(* Let $P=[\alpha^1,\dots,\alpha^d,I]$ be a tile and let $q\in\mathcal{Q}_{d-1}$ with $q(x_I^j)\in\alpha^j$ for all $j\in\{1,\dots,d\}$. Then $$\|q-q_P\|_{L^\infty(\tilde I)}\le c(d)\,|I|^{-1},$$ where $c(d)$ depends only on $d$.
   Context: Fix $d\in\mathbb{N}$. $\mathcal{Q}_{d-1}$ is the class of real polynomials of degree $\le d-1$. A tile is a $(d+1)$-tuple $P=[\alpha^1,\dots,\alpha^d,I]$ of dyadic half-open intervals, $I$ a dyadic subinterval of $[0,1]$ and $\alpha^j$ dyadic intervals of $\mathbb{R}$, with $|\alpha^j|=|I|^{-1}$. For dyadic $I$, the points $x_I^1,\dots,x_I^d$ are: $x_I^1,x_I^2$ the endpoints of $I$, $x_I^3=\frac{x_I^1+x_I^2}{2}$, $x_I^4=\frac{x_I^1+x_I^3}{2}$, $x_I^5=\frac{x_I^3+x_I^2}{2}$, and so on inductively (successive dyadic midpoints, generation by generation, left to right) until $d$ distinct points are obtained. The central polynomial $q_P\in\mathcal{Q}_{d-1}$ is the Lagrange interpolation polynomial with $q_P(x_I^j)=c(\alpha^j)$ (the center of $\alpha^j$) for all $j$, i.e. $q_P(y)=\sum_{j=1}^d\frac{\prod_{k\ne j}(y-x_I^k)}{\prod_{k\ne j}(x_I^j-x_I^k)}c(\alpha^j)$. $\tilde I=13I$ is the interval with the same center as $I$ and length $13|I|$. *)

theory Defs
  imports "HOL-Analysis.Analysis" "HOL-Computational_Algebra.Polynomial"
begin

definition dyad :: "int \<Rightarrow> int \<Rightarrow> real set" where
  "dyad k m = {of_int m * 2 powr of_int k ..< (of_int m + 1) * 2 powr of_int k}"

definition dyad_center :: "int \<Rightarrow> int \<Rightarrow> real" where
  "dyad_center k m = (of_int m + 1/2) * 2 powr of_int k"

text \<open>Normalized dyadic points on [0,1]: t_1 = 0, t_2 = 1, t_3 = 1/2, t_4 = 1/4, t_5 = 3/4,
  t_6 = 1/8, ... (successive dyadic midpoints, generation by generation, left to right).\<close>
definition dyad_pt :: "nat \<Rightarrow> real" where
  "dyad_pt j = (if j \<le> 1 then 0 else if j = 2 then 1 else
     (let g = nat \<lfloor>log 2 (real (j - 2))\<rfloor>; r = (j - 2) - 2 ^ g
      in (2 * real r + 1) / 2 ^ (g + 1)))"

text \<open>The points x_I^j for the dyadic interval I = [m 2^(-k), (m+1) 2^(-k)).\<close>
definition xI :: "nat \<Rightarrow> int \<Rightarrow> nat \<Rightarrow> real" where
  "xI k m j = (of_int m + dyad_pt j) / 2 ^ k"

text \<open>Central polynomial of the tile [alpha^1..alpha^d, I], I = dyad (-k) m,
  alpha^j = dyad k (n j): Lagrange interpolant with values c(alpha^j) at x_I^j.\<close>
definition central_poly :: "nat \<Rightarrow> nat \<Rightarrow> int \<Rightarrow> (nat \<Rightarrow> int) \<Rightarrow> real \<Rightarrow> real" where
  "central_poly d k m n y =
     (\<Sum>j\<in>{1..d}. (\<Prod>i\<in>{1..d}-{j}. (y - xI k m i)) / (\<Prod>i\<in>{1..d}-{j}. (xI k m j - xI k m i))
                   * dyad_center (int k) (n j))"

end

theory Submission
  imports Defs
begin

text \<open>Both \<open>q\<close> and \<open>q\<^sub>P\<close> are determined by their values at the \<open>d\<close> distinct nodes
  \<open>x\<^sub>I\<^sup>j\<close>, so their difference is the Lagrange interpolant of the errors
  \<open>q(x\<^sub>I\<^sup>j) - c(\<alpha>\<^sup>j)\<close>, each at most \<open>|\<alpha>\<^sup>j|/2 = |I|\<^sup>-\<^sup>1/2\<close> in absolute value. Rescaling \<open>I\<close> to
  \<open>[0,1]\<close> leaves the Lagrange basis polynomials unchanged, so on \<open>13I\<close> they are bounded by
  constants depending only on the normalised nodes, i.e. only on \<open>d\<close>.\<close>

lemma odd_mult_pow2_eq_imp_eq:
  fixes a b :: nat
  assumes "odd a" "odd b" "a * 2 ^ m = b * 2 ^ n"
  shows "m = n"
proof -
  have one_side: "m = n" if "odd a" "a * 2 ^ m = b * 2 ^ n" "m \<le> n" for a b m n :: nat
  proof -
    have "a * 2 ^ m = (b * 2 ^ (n - m)) * 2 ^ m"
      using that by (simp add: power_add[symmetric])
    then have "a = b * 2 ^ (n - m)" by simp
    with \<open>odd a\<close> have "n - m = 0" by (cases "n - m") auto
    with \<open>m \<le> n\<close> show ?thesis by simp
  qed
  show ?thesis
    using one_side[of a m b n] one_side[of b n a m] assms by linarith
qed

lemma dyad_pt_eq_odd_div_pow2:
  assumes "j \<ge> 3"
  obtains g r where "r < 2 ^ g" "j = 2 ^ g + r + 2" "dyad_pt j = (2 * real r + 1) / 2 ^ (g + 1)"
proof -
  define g where "g = nat \<lfloor>log 2 (real (j - 2))\<rfloor>"
  have pos: "j - 2 > 0" using assms by simp
  have "\<lfloor>log (real (2::nat)) (real (j - 2))\<rfloor> = int g"
    unfolding g_def using pos by simp
  then have "2 ^ g \<le> j - 2" "j - 2 < 2 ^ (g + 1)"
    using floor_log_nat_eq_powr_iff[of 2 "j - 2" g] pos by simp_all
  moreover have "dyad_pt j = (2 * real (j - 2 - 2 ^ g) + 1) / 2 ^ (g + 1)"
    using assms unfolding dyad_pt_def g_def Let_def by simp
  ultimately show ?thesis
    using that[of "j - 2 - 2 ^ g" g] assms by simp
qed

lemma dyad_pt_strictly_between:
  assumes "j \<ge> 3"
  shows "0 < dyad_pt j" "dyad_pt j < 1"
proof -
  obtain g r where "r < 2 ^ g" "dyad_pt j = (2 * real r + 1) / 2 ^ (g + 1)"
    using dyad_pt_eq_odd_div_pow2[OF assms] by blast
  moreover have "2 * real r + 1 < 2 ^ (g + 1)"
  proof -
    have "real (r + 1) \<le> real (2 ^ g)"
      using \<open>r < 2 ^ g\<close> by (simp only: of_nat_le_iff)
    then show ?thesis by simp
  qed
  moreover have "(0::real) < 2 ^ (g + 1)" by simp
  ultimately show "0 < dyad_pt j" "dyad_pt j < 1"
    by (simp_all only: divide_pos_pos divide_less_eq_1_pos)
qed

lemma dyad_pt_inj: "inj_on dyad_pt {1..}"
proof (rule inj_onI)
  fix a b :: nat
  assume a: "a \<in> {1..}" and b: "b \<in> {1..}" and eq: "dyad_pt a = dyad_pt b"
  have small: "dyad_pt 1 = 0" "dyad_pt 2 = 1" by (simp_all add: dyad_pt_def)
  consider "a \<ge> 3" "b \<ge> 3" | "a < 3" "b < 3" | "(a \<ge> 3) \<noteq> (b \<ge> 3)" by linarith
  then show "a = b"
  proof cases
    case 1
    obtain g r where r: "a = 2 ^ g + r + 2" "dyad_pt a = (2 * real r + 1) / 2 ^ (g + 1)"
      using dyad_pt_eq_odd_div_pow2[OF \<open>a \<ge> 3\<close>] by metis
    obtain g' r' where r': "b = 2 ^ g' + r' + 2" "dyad_pt b = (2 * real r' + 1) / 2 ^ (g' + 1)"
      using dyad_pt_eq_odd_div_pow2[OF \<open>b \<ge> 3\<close>] by metis
    have "(2 * real r + 1) / 2 ^ (g + 1) = (2 * real r' + 1) / 2 ^ (g' + 1)"
      using eq r r' by simp
    then have "(2 * real r + 1) * 2 ^ (g' + 1) = (2 * real r' + 1) * 2 ^ (g + 1)"
      by (subst (asm) frac_eq_eq) auto
    then have "real ((2 * r + 1) * 2 ^ (g' + 1)) = real ((2 * r' + 1) * 2 ^ (g + 1))"
      by (simp only: of_nat_mult of_nat_add of_nat_power of_nat_numeral of_nat_1)
    then have odd_eq: "(2 * r + 1) * 2 ^ (g' + 1) = (2 * r' + 1) * 2 ^ (g + 1)"
      by (simp only: of_nat_eq_iff)
    then have "g' + 1 = g + 1" by (rule odd_mult_pow2_eq_imp_eq[rotated 2]) simp_all
    with odd_eq have "r = r'" by simp
    with \<open>g' + 1 = g + 1\<close> r r' show ?thesis by simp
  next
    case 2
    then have "a \<in> {1, 2}" "b \<in> {1, 2}" using a b by auto
    with eq small show ?thesis by auto
  next
    case 3
    have "dyad_pt c \<in> {0, 1}" if "c \<in> {1..}" "c < 3" for c
    proof -
      have "c \<in> {1, 2}" using that by auto
      with small show ?thesis by auto
    qed
    from this[OF a] this[OF b] 3 eq show ?thesis
      using dyad_pt_strictly_between[of a] dyad_pt_strictly_between[of b] by (cases "a \<ge> 3") auto
  qed
qed

definition lagrange_basis :: "('b \<Rightarrow> 'a::field) \<Rightarrow> 'b set \<Rightarrow> 'b \<Rightarrow> 'a \<Rightarrow> 'a" where
  "lagrange_basis x D j y = (\<Prod>i\<in>D-{j}. (y - x i)) / (\<Prod>i\<in>D-{j}. (x j - x i))"

lemma lagrange_basis_at_node:
  assumes "inj_on x D" "finite D" "j \<in> D" "l \<in> D"
  shows "lagrange_basis x D j (x l) = (if j = l then 1 else 0)"
proof (cases "j = l")
  case True
  have "(\<Prod>i\<in>D-{l}. (x l - x i)) \<noteq> 0"
    using assms by (auto simp: inj_on_eq_iff)
  with True show ?thesis by (simp add: lagrange_basis_def)
next
  case False
  then have "(\<Prod>i\<in>D-{j}. (x l - x i)) = 0"
    using assms by (intro prod_zero) (auto intro!: bexI[of _ l])
  with False show ?thesis by (simp add: lagrange_basis_def)
qed

lemma poly_eq_lagrange_interpolant:
  fixes x :: "'b \<Rightarrow> 'a::field" and q :: "'a poly"
  assumes inj: "inj_on x D" and fin: "finite D" and deg: "degree q < card D"
  shows "poly q y = (\<Sum>j\<in>D. lagrange_basis x D j y * poly q (x j))"
proof -
  define p where "p = (\<Sum>j\<in>D. smult (poly q (x j) / (\<Prod>i\<in>D-{j}. (x j - x i)))
                                   (\<Prod>i\<in>D-{j}. [:- x i, 1:]))"
  have poly_p: "poly p z = (\<Sum>j\<in>D. lagrange_basis x D j z * poly q (x j))" for z
    unfolding p_def lagrange_basis_def poly_sum poly_smult poly_prod
    by (intro sum.cong) (simp_all add: mult.commute)
  have "degree p \<le> card D - 1"
    unfolding p_def
  proof (intro degree_sum_le[OF fin] order_trans[OF degree_smult_le])
    fix j assume "j \<in> D"
    have "degree (\<Prod>i\<in>D-{j}. [:- x i, 1:]) \<le> (\<Sum>i\<in>D-{j}. degree [:- x i, 1:])"
      using degree_prod_sum_le[of "D-{j}" "\<lambda>i. [:- x i, 1:]"] fin by (simp add: o_def)
    also have "\<dots> = card D - 1" using \<open>j \<in> D\<close> fin by simp
    finally show "degree (\<Prod>i\<in>D-{j}. [:- x i, 1:]) \<le> card D - 1" .
  qed
  with deg have deg_p: "degree p < card D" by linarith
  have agree: "poly q z = poly p z" if "z \<in> x ` D" for z
  proof -
    obtain l where l: "l \<in> D" "z = x l" using \<open>z \<in> x ` D\<close> by blast
    have "poly p (x l) = (\<Sum>j\<in>D. (if j = l then poly q (x j) else 0))"
      unfolding poly_p using lagrange_basis_at_node[OF inj fin _ l(1)] by (intro sum.cong) auto
    also have "\<dots> = poly q (x l)"
      using fin l(1) by (simp add: sum.delta')
    finally show ?thesis using l(2) by simp
  qed
  moreover have "card (x ` D) = card D"
    using inj by (rule card_image)
  ultimately have "q = p"
    using deg deg_p by (intro poly_eqI_degree[of "x ` D"]) auto
  then have "poly q y = poly p y" by simp
  also have "\<dots> = (\<Sum>j\<in>D. lagrange_basis x D j y * poly q (x j))" by (rule poly_p)
  finally show ?thesis .
qed

lemma lagrange_basis_affine:
  fixes t :: "'b \<Rightarrow> 'a::field"
  assumes "s \<noteq> 0"
  shows "lagrange_basis (\<lambda>i. (a + t i) / s) D j y = lagrange_basis t D j (s * y - a)"
proof -
  have "y - (a + t i) / s = (s * y - a - t i) / s" for i
    using assms by (simp add: field_simps)
  moreover have "(a + t j) / s - (a + t i) / s = (t j - t i) / s" for i
    using assms by (simp add: field_simps)
  ultimately show ?thesis
    unfolding lagrange_basis_def using assms
    by (simp add: prod_dividef)
qed

lemma abs_lagrange_basis_le:
  fixes t :: "'b \<Rightarrow> real"
  assumes "\<And>i. i \<in> D - {j} \<Longrightarrow> \<bar>s - t i\<bar> \<le> R i"
  shows "\<bar>lagrange_basis t D j s\<bar> \<le> (\<Prod>i\<in>D-{j}. R i / \<bar>t j - t i\<bar>)"
proof -
  have "\<bar>lagrange_basis t D j s\<bar> = (\<Prod>i\<in>D-{j}. \<bar>s - t i\<bar> / \<bar>t j - t i\<bar>)"
    unfolding lagrange_basis_def by (simp add: abs_prod prod_dividef)
  also have "\<dots> \<le> (\<Prod>i\<in>D-{j}. R i / \<bar>t j - t i\<bar>)"
    by (intro prod_mono conjI divide_nonneg_nonneg divide_right_mono assms) auto
  finally show ?thesis .
qed

lemma abs_sum_mult_le:
  fixes f g :: "'b \<Rightarrow> real"
  assumes "\<And>j. j \<in> A \<Longrightarrow> \<bar>f j\<bar> \<le> F j" "\<And>j. j \<in> A \<Longrightarrow> \<bar>g j\<bar> \<le> G"
  shows "\<bar>\<Sum>j\<in>A. f j * g j\<bar> \<le> (\<Sum>j\<in>A. F j) * G"
proof -
  have "\<bar>\<Sum>j\<in>A. f j * g j\<bar> \<le> (\<Sum>j\<in>A. \<bar>f j\<bar> * \<bar>g j\<bar>)"
    unfolding abs_mult[symmetric] by (rule sum_abs)
  also have "\<dots> \<le> (\<Sum>j\<in>A. F j * G)"
    by (intro sum_mono mult_mono assms order_trans[OF abs_ge_zero assms(1)] abs_ge_zero)
  finally show ?thesis by (simp add: sum_distrib_right)
qed

lemma dist_dyad_center_le:
  assumes "v \<in> dyad k m"
  shows "\<bar>v - dyad_center k m\<bar> \<le> 2 powr k / 2"
proof -
  have "of_int m * 2 powr k \<le> v" "v < (of_int m + 1) * 2 powr k"
    using assms unfolding dyad_def by auto
  then show ?thesis
    unfolding dyad_center_def abs_le_iff by (simp add: algebra_simps)
qed

lemma central_poly_eq_lagrange:
  "central_poly d k m n y =
     (\<Sum>j\<in>{1..d}. lagrange_basis (xI k m) {1..d} j y * dyad_center (int k) (n j))"
  unfolding central_poly_def lagrange_basis_def ..

lemma xI_eq: "xI k m = (\<lambda>j. (of_int m + dyad_pt j) / 2 ^ k)"
  unfolding xI_def ..

lemma inj_on_xI: "inj_on (xI k m) {1..}"
proof (rule inj_onI)
  fix i j assume "i \<in> {1..}" "j \<in> {1..}" "xI k m i = xI k m j"
  then show "i = j"
    using inj_onD[OF dyad_pt_inj] by (simp add: xI_def)
qed

lemma poly_minus_central_poly:
  assumes "degree q < d"
  shows "poly q y - central_poly d k m n y =
    (\<Sum>j\<in>{1..d}. lagrange_basis (xI k m) {1..d} j y * (poly q (xI k m j) - dyad_center (int k) (n j)))"
proof -
  have "inj_on (xI k m) {1..d}"
    using inj_on_xI by (rule inj_on_subset) auto
  with assms have "poly q y = (\<Sum>j\<in>{1..d}. lagrange_basis (xI k m) {1..d} j y * poly q (xI k m j))"
    by (intro poly_eq_lagrange_interpolant) simp_all
  then show ?thesis
    unfolding central_poly_eq_lagrange by (simp add: right_diff_distrib sum_subtractf)
qed

definition lagrange_dyad_bound :: "nat \<Rightarrow> nat \<Rightarrow> real" where
  "lagrange_dyad_bound d j =
     (\<Prod>i\<in>{1..d}-{j}. (7 + \<bar>dyad_pt i\<bar>) / \<bar>dyad_pt j - dyad_pt i\<bar>)"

________________

What the task asks: In the listing above, locate the line containing "2 then 1 else" and the line containing "j = (of_int". Extract those two lines and every line between them, exactly as written, and only those.

Solution to the exercise:
  "dyad_pt j = (if j \<le> 1 then 0 else if j = 2 then 1 else
     (let g = nat \<lfloor>log 2 (real (j - 2))\<rfloor>; r = (j - 2) - 2 ^ g
      in (2 * real r + 1) / 2 ^ (g + 1)))"

text \<open>The points x_I^j for the dyadic interval I = [m 2^(-k), (m+1) 2^(-k)).\<close>
definition xI :: "nat \<Rightarrow> int \<Rightarrow> nat \<Rightarrow> real" where
  "xI k m j = (of_int m + dyad_pt j) / 2 ^ k"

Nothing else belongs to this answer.